**EXTRACTED RECORDS:**
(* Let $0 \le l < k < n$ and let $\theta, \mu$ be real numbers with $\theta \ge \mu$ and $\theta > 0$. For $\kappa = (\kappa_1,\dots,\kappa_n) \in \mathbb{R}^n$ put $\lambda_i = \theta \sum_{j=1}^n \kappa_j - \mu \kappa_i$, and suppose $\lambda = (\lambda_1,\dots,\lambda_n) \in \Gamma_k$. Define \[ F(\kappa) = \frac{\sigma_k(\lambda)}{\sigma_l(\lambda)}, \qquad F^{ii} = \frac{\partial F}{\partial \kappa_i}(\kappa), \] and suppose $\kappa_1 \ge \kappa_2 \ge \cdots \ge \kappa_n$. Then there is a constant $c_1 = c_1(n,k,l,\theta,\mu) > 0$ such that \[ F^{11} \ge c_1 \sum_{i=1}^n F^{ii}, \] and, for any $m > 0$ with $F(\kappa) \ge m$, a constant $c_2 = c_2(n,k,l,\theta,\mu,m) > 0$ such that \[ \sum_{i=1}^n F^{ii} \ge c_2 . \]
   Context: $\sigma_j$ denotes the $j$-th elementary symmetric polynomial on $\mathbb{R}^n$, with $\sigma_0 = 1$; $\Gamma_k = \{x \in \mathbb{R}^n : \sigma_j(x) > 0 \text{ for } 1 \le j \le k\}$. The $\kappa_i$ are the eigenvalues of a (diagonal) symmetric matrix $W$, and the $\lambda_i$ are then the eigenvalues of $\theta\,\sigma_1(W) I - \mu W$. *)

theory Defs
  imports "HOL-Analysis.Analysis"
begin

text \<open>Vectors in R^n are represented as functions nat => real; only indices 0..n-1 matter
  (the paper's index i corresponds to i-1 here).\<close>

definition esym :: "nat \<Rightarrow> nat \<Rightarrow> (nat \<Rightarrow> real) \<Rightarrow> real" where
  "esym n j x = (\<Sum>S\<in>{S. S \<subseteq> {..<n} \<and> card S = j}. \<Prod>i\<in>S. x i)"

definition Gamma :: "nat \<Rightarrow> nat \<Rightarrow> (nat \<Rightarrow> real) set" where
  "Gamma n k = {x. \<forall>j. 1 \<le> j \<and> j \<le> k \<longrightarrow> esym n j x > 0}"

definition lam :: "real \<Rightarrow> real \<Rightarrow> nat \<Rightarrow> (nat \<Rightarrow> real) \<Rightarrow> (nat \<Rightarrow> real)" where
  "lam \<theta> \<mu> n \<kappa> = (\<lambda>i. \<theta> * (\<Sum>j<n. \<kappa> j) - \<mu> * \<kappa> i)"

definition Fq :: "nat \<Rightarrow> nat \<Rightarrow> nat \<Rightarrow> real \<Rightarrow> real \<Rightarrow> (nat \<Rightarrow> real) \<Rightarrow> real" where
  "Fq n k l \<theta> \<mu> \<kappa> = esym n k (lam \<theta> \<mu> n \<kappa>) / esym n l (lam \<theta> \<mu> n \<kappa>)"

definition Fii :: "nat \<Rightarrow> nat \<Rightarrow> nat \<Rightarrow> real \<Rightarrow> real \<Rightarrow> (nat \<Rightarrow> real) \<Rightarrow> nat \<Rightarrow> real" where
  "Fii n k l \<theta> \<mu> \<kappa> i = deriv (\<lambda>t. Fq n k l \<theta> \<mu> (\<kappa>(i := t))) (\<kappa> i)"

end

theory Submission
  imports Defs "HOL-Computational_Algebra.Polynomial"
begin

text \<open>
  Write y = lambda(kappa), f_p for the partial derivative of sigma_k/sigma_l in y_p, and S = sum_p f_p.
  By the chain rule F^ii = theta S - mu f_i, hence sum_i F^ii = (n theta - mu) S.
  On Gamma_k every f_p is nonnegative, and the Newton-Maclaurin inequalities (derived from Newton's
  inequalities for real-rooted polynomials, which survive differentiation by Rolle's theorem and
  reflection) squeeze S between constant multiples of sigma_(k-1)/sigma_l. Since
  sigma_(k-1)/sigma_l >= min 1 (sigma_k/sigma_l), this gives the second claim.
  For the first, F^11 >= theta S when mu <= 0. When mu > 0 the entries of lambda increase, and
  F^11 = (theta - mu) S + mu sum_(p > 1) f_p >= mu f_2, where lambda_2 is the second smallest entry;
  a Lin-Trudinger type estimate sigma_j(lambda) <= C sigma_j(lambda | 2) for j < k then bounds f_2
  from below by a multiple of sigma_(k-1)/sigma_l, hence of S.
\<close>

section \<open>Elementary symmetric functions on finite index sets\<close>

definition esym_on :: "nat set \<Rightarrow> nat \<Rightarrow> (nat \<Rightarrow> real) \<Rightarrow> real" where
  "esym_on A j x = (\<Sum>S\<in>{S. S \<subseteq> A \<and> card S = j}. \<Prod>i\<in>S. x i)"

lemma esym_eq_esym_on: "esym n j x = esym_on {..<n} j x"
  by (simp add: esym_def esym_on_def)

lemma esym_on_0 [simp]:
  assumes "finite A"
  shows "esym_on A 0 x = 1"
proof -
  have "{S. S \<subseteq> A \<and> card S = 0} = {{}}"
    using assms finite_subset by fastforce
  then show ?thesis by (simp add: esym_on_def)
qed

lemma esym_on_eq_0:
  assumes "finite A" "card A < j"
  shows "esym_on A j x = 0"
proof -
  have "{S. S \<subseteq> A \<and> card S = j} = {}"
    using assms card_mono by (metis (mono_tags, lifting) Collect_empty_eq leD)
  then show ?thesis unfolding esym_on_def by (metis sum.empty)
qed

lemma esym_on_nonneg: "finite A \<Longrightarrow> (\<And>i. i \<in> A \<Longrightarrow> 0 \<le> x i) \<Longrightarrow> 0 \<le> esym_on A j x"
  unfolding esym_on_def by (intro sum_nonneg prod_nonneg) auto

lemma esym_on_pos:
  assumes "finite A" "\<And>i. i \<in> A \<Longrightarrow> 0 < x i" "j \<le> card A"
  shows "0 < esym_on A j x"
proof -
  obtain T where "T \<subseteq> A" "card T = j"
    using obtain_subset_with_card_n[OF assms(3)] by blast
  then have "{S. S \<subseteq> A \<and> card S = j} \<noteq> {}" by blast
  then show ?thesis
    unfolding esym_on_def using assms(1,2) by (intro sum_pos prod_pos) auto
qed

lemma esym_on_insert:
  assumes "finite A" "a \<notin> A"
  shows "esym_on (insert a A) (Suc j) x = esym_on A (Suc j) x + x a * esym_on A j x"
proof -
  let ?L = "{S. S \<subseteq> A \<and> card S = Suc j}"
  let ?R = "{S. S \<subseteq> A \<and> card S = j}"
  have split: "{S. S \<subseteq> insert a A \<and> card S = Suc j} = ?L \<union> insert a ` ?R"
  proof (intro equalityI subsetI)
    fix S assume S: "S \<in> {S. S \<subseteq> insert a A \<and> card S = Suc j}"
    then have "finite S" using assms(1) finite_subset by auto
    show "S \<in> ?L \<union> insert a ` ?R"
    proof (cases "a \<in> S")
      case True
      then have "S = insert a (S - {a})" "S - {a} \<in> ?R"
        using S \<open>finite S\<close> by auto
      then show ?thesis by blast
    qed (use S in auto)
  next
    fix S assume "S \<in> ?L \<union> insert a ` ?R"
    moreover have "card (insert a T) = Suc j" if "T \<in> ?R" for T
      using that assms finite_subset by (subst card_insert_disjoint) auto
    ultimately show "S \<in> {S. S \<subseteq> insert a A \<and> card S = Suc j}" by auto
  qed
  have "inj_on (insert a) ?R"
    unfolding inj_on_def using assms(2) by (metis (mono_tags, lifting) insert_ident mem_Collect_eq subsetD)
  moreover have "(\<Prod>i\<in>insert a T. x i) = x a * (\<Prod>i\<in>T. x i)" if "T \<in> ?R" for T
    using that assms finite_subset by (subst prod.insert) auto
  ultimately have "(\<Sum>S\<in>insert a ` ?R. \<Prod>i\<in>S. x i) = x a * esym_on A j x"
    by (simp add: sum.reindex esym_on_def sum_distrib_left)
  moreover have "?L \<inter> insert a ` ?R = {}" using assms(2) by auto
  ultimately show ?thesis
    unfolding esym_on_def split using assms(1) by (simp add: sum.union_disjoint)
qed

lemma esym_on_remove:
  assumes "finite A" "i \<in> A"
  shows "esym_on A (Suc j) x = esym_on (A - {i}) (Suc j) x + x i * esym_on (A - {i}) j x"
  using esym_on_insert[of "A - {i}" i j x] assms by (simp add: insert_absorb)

**EXERCISE REQUIREMENTS:** Return every line of the listing that has the word "second" in it.

**FINAL ANSWER:**
  sigma_(k-1)/sigma_l >= min 1 (sigma_k/sigma_l), this gives the second claim.
  F^11 = (theta - mu) S + mu sum_(p > 1) f_p >= mu f_2, where lambda_2 is the second smallest entry;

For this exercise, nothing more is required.